WHAT IS NEEDED: Which lines in the data below contain the word "blast"? Pull each of them out.

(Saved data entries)
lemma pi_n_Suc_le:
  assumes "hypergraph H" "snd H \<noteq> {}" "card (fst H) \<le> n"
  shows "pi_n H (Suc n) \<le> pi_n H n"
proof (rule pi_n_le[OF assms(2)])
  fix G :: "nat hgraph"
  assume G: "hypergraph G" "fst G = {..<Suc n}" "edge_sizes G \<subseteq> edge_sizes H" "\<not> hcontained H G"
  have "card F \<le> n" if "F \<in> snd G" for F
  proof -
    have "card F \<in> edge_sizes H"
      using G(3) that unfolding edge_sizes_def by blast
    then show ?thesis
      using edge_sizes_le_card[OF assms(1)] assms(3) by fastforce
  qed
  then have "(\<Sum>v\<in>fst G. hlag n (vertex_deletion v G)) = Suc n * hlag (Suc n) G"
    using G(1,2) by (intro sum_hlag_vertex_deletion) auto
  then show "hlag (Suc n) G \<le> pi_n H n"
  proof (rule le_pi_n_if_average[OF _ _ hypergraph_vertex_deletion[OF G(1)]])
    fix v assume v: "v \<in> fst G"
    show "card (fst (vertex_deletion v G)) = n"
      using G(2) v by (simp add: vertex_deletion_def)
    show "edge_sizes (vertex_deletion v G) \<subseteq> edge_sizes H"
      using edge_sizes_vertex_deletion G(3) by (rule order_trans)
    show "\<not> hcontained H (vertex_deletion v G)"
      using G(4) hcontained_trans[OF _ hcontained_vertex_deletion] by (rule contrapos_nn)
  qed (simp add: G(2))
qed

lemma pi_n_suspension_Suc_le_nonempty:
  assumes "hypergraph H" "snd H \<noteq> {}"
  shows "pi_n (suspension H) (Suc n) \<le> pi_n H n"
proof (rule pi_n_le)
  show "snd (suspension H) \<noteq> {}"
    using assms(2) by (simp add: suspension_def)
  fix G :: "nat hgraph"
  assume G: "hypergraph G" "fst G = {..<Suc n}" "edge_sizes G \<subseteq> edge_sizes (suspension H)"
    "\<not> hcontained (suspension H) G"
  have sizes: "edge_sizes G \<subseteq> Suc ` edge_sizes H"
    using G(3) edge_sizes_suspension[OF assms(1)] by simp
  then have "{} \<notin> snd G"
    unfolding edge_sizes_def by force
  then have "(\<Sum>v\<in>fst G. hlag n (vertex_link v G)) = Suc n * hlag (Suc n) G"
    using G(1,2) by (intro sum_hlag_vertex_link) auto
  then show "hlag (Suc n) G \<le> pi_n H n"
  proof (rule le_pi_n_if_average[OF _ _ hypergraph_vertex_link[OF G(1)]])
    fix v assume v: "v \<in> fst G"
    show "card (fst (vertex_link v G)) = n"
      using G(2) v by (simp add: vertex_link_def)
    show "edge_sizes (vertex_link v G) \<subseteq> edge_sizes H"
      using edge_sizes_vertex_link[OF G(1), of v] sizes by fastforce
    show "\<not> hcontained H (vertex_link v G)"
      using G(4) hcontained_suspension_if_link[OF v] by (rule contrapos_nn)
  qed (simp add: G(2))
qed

...

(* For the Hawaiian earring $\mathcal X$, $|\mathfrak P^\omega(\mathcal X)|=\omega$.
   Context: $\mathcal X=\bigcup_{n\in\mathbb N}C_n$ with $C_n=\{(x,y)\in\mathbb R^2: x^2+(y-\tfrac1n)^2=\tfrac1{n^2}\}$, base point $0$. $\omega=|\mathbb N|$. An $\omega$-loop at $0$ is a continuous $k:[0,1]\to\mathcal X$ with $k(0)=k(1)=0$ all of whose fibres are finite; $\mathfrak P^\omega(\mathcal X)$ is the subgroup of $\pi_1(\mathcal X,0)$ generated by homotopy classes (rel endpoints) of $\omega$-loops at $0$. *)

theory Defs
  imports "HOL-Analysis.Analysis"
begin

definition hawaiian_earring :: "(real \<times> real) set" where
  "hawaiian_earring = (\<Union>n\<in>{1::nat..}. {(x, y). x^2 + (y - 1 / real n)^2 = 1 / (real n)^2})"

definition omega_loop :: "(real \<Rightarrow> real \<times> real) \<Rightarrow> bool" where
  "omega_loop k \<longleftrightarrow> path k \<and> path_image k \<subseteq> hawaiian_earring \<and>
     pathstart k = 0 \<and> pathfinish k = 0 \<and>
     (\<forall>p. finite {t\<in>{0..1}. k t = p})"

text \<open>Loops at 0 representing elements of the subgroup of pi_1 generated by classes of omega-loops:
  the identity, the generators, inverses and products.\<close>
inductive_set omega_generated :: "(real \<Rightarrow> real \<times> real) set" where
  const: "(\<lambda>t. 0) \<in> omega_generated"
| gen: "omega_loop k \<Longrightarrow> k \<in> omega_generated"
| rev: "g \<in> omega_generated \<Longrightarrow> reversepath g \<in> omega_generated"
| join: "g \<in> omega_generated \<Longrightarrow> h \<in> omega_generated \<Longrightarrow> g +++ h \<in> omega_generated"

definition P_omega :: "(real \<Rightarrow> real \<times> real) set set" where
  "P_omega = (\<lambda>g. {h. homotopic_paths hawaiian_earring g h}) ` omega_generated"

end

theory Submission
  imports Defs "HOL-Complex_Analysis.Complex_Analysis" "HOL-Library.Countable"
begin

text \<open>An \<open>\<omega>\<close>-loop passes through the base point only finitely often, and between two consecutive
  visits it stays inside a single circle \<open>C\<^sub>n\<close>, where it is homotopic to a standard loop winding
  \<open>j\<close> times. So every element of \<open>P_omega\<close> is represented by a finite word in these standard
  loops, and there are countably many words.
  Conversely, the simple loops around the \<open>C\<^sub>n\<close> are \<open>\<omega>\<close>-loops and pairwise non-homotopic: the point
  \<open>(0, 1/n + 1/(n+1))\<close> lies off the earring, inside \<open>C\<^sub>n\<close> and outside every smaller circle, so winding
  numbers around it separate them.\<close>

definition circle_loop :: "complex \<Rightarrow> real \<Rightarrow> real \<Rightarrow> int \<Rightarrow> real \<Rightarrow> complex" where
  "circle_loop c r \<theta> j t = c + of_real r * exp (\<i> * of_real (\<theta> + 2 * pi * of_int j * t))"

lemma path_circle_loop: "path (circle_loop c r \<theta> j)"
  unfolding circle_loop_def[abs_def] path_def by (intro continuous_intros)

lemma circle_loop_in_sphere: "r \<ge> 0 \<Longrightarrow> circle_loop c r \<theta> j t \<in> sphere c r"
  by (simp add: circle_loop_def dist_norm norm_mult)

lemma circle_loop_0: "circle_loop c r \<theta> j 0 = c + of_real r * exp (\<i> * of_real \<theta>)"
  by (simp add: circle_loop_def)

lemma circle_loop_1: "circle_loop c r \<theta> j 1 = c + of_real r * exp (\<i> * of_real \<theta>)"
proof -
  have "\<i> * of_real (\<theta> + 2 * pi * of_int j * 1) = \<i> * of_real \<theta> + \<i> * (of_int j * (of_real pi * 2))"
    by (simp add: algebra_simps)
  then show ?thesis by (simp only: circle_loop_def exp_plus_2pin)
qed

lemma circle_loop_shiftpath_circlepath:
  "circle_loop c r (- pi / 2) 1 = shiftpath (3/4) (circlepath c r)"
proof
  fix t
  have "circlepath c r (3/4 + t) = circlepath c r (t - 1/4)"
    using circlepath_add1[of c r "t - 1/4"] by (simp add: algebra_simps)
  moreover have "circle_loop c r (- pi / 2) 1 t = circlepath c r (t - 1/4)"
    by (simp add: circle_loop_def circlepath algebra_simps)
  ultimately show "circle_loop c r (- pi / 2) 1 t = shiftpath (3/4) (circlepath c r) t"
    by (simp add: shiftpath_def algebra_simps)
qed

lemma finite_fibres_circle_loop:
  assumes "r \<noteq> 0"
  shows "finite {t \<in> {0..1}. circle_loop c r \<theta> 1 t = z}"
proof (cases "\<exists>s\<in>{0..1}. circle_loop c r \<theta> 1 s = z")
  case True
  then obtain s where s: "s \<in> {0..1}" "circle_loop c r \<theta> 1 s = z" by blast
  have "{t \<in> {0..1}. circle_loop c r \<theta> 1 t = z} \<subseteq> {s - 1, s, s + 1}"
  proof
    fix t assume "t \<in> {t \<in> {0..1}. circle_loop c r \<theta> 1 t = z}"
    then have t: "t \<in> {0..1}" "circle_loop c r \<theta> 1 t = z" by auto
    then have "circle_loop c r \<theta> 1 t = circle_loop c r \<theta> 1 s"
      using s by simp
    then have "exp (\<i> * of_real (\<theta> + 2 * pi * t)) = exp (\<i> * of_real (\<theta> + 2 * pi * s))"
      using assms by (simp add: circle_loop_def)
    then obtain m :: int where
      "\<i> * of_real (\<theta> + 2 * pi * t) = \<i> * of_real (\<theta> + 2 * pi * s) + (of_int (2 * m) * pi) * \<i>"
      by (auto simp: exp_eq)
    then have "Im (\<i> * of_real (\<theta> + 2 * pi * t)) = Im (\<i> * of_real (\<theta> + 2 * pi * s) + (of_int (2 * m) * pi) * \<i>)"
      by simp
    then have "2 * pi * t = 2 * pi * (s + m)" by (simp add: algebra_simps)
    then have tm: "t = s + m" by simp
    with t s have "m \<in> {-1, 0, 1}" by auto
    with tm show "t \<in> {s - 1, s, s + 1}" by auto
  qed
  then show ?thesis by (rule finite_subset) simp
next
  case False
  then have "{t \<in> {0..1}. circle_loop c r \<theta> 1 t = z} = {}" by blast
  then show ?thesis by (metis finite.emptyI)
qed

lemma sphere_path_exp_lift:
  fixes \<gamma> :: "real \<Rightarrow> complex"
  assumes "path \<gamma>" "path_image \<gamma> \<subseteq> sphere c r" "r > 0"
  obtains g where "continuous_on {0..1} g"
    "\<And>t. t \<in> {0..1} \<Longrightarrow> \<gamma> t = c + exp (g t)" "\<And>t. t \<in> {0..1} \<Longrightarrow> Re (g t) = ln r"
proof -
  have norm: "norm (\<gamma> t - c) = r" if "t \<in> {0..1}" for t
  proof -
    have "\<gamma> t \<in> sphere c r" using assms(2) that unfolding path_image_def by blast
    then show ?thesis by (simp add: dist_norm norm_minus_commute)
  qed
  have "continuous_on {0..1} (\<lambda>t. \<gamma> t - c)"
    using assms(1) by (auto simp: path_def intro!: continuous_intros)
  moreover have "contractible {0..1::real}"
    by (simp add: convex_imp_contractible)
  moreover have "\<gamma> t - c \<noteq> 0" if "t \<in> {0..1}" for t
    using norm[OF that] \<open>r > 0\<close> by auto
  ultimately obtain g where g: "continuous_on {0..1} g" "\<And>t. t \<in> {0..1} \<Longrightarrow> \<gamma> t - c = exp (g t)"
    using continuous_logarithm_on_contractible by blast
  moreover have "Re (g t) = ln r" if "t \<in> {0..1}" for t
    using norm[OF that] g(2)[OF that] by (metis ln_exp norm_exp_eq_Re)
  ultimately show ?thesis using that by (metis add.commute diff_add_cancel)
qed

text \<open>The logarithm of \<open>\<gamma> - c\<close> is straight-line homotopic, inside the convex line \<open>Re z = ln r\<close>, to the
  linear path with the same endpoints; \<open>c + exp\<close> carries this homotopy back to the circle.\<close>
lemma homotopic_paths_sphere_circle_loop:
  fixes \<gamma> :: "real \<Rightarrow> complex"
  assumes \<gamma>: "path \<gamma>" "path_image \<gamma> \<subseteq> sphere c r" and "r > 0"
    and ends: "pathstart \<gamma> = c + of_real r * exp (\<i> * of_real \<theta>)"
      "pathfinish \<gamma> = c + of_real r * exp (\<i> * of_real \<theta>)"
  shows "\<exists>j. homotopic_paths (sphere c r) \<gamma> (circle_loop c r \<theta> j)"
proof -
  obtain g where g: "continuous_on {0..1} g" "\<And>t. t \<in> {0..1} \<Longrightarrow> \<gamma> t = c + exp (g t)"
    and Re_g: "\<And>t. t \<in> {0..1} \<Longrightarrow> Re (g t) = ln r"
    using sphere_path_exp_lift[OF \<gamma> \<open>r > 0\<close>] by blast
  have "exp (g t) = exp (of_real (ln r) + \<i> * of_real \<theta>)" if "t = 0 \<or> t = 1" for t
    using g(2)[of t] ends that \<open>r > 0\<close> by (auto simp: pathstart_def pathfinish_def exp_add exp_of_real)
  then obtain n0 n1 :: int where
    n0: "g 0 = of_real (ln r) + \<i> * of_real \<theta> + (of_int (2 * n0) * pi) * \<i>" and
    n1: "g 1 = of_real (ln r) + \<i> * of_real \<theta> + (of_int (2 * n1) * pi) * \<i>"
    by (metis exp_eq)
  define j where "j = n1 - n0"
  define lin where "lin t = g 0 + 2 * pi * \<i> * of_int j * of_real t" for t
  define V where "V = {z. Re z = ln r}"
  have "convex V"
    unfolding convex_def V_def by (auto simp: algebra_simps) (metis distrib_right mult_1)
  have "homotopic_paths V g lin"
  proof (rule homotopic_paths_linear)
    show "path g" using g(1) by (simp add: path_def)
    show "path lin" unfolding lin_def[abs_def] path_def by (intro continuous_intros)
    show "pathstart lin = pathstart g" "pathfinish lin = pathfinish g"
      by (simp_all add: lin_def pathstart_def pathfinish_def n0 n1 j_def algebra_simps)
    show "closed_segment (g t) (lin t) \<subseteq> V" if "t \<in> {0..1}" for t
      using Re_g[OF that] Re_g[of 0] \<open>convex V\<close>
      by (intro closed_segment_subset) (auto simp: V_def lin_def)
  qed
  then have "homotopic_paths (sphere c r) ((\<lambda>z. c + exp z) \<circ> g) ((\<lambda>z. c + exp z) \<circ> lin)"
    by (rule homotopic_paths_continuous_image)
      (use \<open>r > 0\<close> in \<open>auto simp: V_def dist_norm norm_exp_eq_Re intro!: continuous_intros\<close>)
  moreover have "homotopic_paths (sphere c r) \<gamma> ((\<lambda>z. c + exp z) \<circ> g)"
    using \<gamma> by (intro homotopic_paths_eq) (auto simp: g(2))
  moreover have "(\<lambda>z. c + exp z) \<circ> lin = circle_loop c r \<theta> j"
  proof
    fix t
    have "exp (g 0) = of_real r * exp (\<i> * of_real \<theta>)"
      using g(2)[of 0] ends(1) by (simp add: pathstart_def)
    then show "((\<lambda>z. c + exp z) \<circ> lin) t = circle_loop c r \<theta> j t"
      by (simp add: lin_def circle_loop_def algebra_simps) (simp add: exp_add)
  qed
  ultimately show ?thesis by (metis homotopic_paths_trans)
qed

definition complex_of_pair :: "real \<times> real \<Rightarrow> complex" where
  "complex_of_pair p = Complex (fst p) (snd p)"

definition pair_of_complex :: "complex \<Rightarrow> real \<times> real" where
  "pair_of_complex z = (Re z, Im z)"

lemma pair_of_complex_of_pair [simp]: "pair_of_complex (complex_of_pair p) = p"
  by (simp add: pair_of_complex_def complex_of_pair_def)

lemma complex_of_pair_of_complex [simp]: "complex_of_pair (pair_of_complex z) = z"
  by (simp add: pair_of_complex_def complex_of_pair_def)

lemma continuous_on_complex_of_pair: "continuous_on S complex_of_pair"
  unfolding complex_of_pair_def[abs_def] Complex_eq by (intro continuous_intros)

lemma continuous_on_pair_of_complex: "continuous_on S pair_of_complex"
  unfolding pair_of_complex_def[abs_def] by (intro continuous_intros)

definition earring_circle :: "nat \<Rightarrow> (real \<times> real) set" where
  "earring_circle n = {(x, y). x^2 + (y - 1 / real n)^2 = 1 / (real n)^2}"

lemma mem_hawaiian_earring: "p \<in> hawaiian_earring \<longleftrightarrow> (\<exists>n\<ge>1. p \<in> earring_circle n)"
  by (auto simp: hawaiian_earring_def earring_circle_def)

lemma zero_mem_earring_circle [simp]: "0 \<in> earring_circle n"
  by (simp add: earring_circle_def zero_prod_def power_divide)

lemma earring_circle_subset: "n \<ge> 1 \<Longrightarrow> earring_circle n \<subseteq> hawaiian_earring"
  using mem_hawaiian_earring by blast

WRITTEN REPLY:
      using G(3) that unfolding edge_sizes_def by blast
  then obtain s where s: "s \<in> {0..1}" "circle_loop c r \<theta> 1 s = z" by blast
  then have "{t \<in> {0..1}. circle_loop c r \<theta> 1 t = z} = {}" by blast
    have "\<gamma> t \<in> sphere c r" using assms(2) that unfolding path_image_def by blast
    using continuous_logarithm_on_contractible by blast
    using sphere_path_exp_lift[OF \<gamma> \<open>r > 0\<close>] by blast
  using mem_hawaiian_earring by blast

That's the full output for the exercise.